# Main Objective

The governator of Zootopia, brother country of Dystopia and another bad place to live in, wants to maximize their population score in the Happiness Score of Dystopia. He claims that he has the secret formula of how the scoring is calculated and he wants to compare politics that he can carry on to complish his goal. He wants to see with different combinations of the variables, which score his country will get.

Here the main objective is to predict the happiness scoring that a country will get, with different combinations of the inputs, basically develop a predictor for the target variable Happiness Scoring.
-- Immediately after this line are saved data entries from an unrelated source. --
(* Let $X$ be a normed space, $1\le r<\infty$, $T>0$, and $a:[0,T]\to X$ continuously differentiable. Then $$\hat V^r(a(t))_{t\in[0,T]}\le 8\,\|a\|_{L^r([0,T];X)}^{1-1/r}\,\|a'\|_{L^r([0,T];X)}^{1/r}.$$
   Context: For a family $(a_t)_{t\in I}$ in a normed space, $\hat V^r(a_t)_{t\in I}=\sup_{t_0<t_1<\dots<t_J\in I}(\sum_{j=1}^J\|a_{t_j}-a_{t_{j-1}}\|^r)^{1/r}$, supremum over all $J$ and all increasing finite sequences in $I$. *)

theory Defs
  imports "HOL-Analysis.Analysis"
begin

text \<open>Valued in ereal since it may be infinite.\<close>
definition rvar :: "real \<Rightarrow> (real \<Rightarrow> 'a::real_normed_vector) \<Rightarrow> real set \<Rightarrow> ereal" where
  "rvar r a I = (SUP p \<in> {(J, t). (\<forall>j\<le>J. t j \<in> I) \<and> (\<forall>j<J. t j < t (Suc j))}.
      ereal ((\<Sum>j\<in>{1..fst p}. norm (a (snd p j) - a (snd p (j - 1))) powr r) powr (1 / r)))"

definition Lr_norm :: "real \<Rightarrow> real \<Rightarrow> (real \<Rightarrow> 'a::real_normed_vector) \<Rightarrow> real" where
  "Lr_norm r T f = (integral {0..T} (\<lambda>t. norm (f t) powr r)) powr (1 / r)"

end

theory Submission
  imports Defs
begin

text \<open>On an interval [s, t] let M be the maximum of |a|, so that |a t - a s| <= 2M. Some
  subinterval carries a change of a of at least |a t - a s|/4 while |a| >= M/2 on it; bounding
  that change by the integral of |a'| gives |a t - a s|^r <= 4^r \<integral>_s^t |a|^(r-1) |a'|.
  Summing over a partition and applying Hoelder's inequality with exponents r/(r-1) and r
  yields the bound with constant 4.\<close>

text \<open>x^(r-1), with r = 1 treated separately because \<open>0 powr 0 = 0\<close>.\<close>
definition powr_pred :: "real \<Rightarrow> real \<Rightarrow> real" where
  "powr_pred x r = (if r = 1 then 1 else x powr (r - 1))"

lemma powr_pred_nonneg [simp]: "0 \<le> powr_pred x r"
  by (simp add: powr_pred_def)
(* Let $(\Omega,\mathcal{F},\mathbb{P})$ be a nonatomic probability space, let $u:\mathbb{R}\to\mathbb{R}$ be a finite-valued utility function bounded from above, and let $\alpha\in\mathbb{R}$ be such that $u(x)>\alpha$ for some $x\in\mathbb{R}$. For $1\le p\le\infty$ set $\mathcal{A}_u^p=\{X\in L^p:\mathbb{E}[u(X)]\ge\alpha\}$. (i) For any $1\le p<\infty$, the closure of $\mathcal{A}_u^\infty$ in $L^p$ equals $\mathcal{A}_u^p$. (ii) Let $S=(S_0,S_T)$ be a traded asset with $S_T\in L^\infty$, assume $\rho_{\mathcal{A}_u^\infty,S}$ is finite-valued (hence continuous) on $L^\infty$, and fix $1\le p<\infty$. Then $\rho_{\mathcal{A}_u^\infty,S}$ can be extended to a finite-valued (hence continuous) risk measure on $L^p$ if and only if $\mathcal{A}_u^p$ has nonempty interior in $L^p$. In this case, the extension is unique and is given by $\rho_{\mathcal{A}_u^p,S}$.
   Context: A utility function is a nonconstant, increasing, concave function. A traded asset is $S=(S_0,S_T)$ with $S_0>0$, $S_T\ge0$ a.s., $S_T\ne0$. For $\mathcal{B}\subset L^p$, $\rho_{\mathcal{B},S}(X)=\inf\{m\in\mathbb{R}:X+\frac{m}{S_0}S_T\in\mathcal{B}\}$ for $X\in L^p$; a risk measure on $L^p$ is a map of this form. *)

theory Defs
  imports "HOL-Probability.Probability"
begin

definition nonatomic :: "'a measure \<Rightarrow> bool" where
  "nonatomic M \<longleftrightarrow> (\<forall>A\<in>sets M. measure M A > 0 \<longrightarrow>
      (\<exists>B\<in>sets M. B \<subseteq> A \<and> 0 < measure M B \<and> measure M B < measure M A))"

definition utility :: "(real \<Rightarrow> real) \<Rightarrow> bool" where
  "utility u \<longleftrightarrow> mono u \<and> concave_on UNIV u \<and> (\<exists>x y. u x \<noteq> u y)"

definition Lp :: "'a measure \<Rightarrow> real \<Rightarrow> ('a \<Rightarrow> real) set" where
  "Lp M p = {X. X \<in> borel_measurable M \<and> integrable M (\<lambda>\<omega>. \<bar>X \<omega>\<bar> powr p)}"

definition Linf :: "'a measure \<Rightarrow> ('a \<Rightarrow> real) set" where
  "Linf M = {X. X \<in> borel_measurable M \<and> (\<exists>C. AE \<omega> in M. \<bar>X \<omega>\<bar> \<le> C)}"

definition Lp_norm :: "'a measure \<Rightarrow> real \<Rightarrow> ('a \<Rightarrow> real) \<Rightarrow> real" where
  "Lp_norm M p X = (\<integral>\<omega>. \<bar>X \<omega>\<bar> powr p \<partial>M) powr (1 / p)"

definition Lp_closure :: "'a measure \<Rightarrow> real \<Rightarrow> ('a \<Rightarrow> real) set \<Rightarrow> ('a \<Rightarrow> real) set" where
  "Lp_closure M p A = {X \<in> Lp M p. \<forall>\<epsilon>>0. \<exists>Y\<in>A. Lp_norm M p (\<lambda>\<omega>. X \<omega> - Y \<omega>) < \<epsilon>}"

definition Lp_interior :: "'a measure \<Rightarrow> real \<Rightarrow> ('a \<Rightarrow> real) set \<Rightarrow> ('a \<Rightarrow> real) set" where
  "Lp_interior M p A = {X \<in> A \<inter> Lp M p. \<exists>\<epsilon>>0. \<forall>Y\<in>Lp M p.
      Lp_norm M p (\<lambda>\<omega>. Y \<omega> - X \<omega>) < \<epsilon> \<longrightarrow> Y \<in> A}"

text \<open>Since u is bounded above, E[u(X)] is well defined in [-\<infinity>,\<infinity>) and
  E[u(X)] \<ge> \<alpha> (\<alpha> real) holds iff u(X) is integrable with integral \<ge> \<alpha>.\<close>
definition util_accept :: "'a measure \<Rightarrow> (real \<Rightarrow> real) \<Rightarrow> real \<Rightarrow> ('a \<Rightarrow> real) set \<Rightarrow> ('a \<Rightarrow> real) set" where
  "util_accept M u \<alpha> P = {X \<in> P. integrable M (\<lambda>\<omega>. u (X \<omega>)) \<and> \<alpha> \<le> (\<integral>\<omega>. u (X \<omega>) \<partial>M)}"

definition traded_asset :: "'a measure \<Rightarrow> real \<Rightarrow> ('a \<Rightarrow> real) \<Rightarrow> bool" where
  "traded_asset M S0 ST \<longleftrightarrow> S0 > 0 \<and> ST \<in> borel_measurable M \<and>
     (AE \<omega> in M. ST \<omega> \<ge> 0) \<and> \<not> (AE \<omega> in M. ST \<omega> = 0)"

definition rho :: "('a \<Rightarrow> real) set \<Rightarrow> real \<Rightarrow> ('a \<Rightarrow> real) \<Rightarrow> ('a \<Rightarrow> real) \<Rightarrow> ereal" where
  "rho B S0 ST X = Inf {ereal m | m. (\<lambda>\<omega>. X \<omega> + m / S0 * ST \<omega>) \<in> B}"

definition finite_valued_on :: "('a \<Rightarrow> real) set \<Rightarrow> (('a \<Rightarrow> real) \<Rightarrow> ereal) \<Rightarrow> bool" where
  "finite_valued_on P f \<longleftrightarrow> (\<forall>X\<in>P. \<bar>f X\<bar> \<noteq> \<infinity>)"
There will be a issue in this models, because the variable Dystopia Residual is explained for how the others countries performs that year, and the model will not have any capabilities to predict that.

# Environment

In [1]:
# It would be important to create an environment, and install the specific libraries for avoiding possible issues having different version of the libraries. 
# As I was not sure if this would be possible with the DevSkill git repo, and I couldn't find the answer on the internet I leave this part just as commented.
# pip install -r requirements.txt

# Libraries

In [2]:
# for handling data:
import numpy as np
import pandas as pd

# for plotting:
import plotly.express as px
import matplotlib.pyplot as plt

# for machine learning:
import sklearn
from sklearn.linear_model import LinearRegression
from sklearn.model_selection import train_test_split
from sklearn.ensemble import RandomForestRegressor

# Setting everything Up

In [3]:
# Function to load CSV, from min_year to max_year.
def load_world_happinnes_reports(min_year, max_year):
    """DOCSTRING"""

    # Let's iterate to load all the csv.
    for i in range(min_year,max_year+1):

        # Create DataFrames based on the csv name.
        globals()[f"data_{i}"] = pd.read_csv(f'https://raw.githubusercontent.com/ChFontana/Datasets/main/World%20Happiness%20Report/{i}.csv')
        
        # Create column year, equals the year of the csv.
        globals()[f"data_{i}"]['Year'] = i

        # Create column Region if not exist.
        globals()[f"data_{i}"]['Region'] = globals()[f"data_{i}"].get('Region', np.nan)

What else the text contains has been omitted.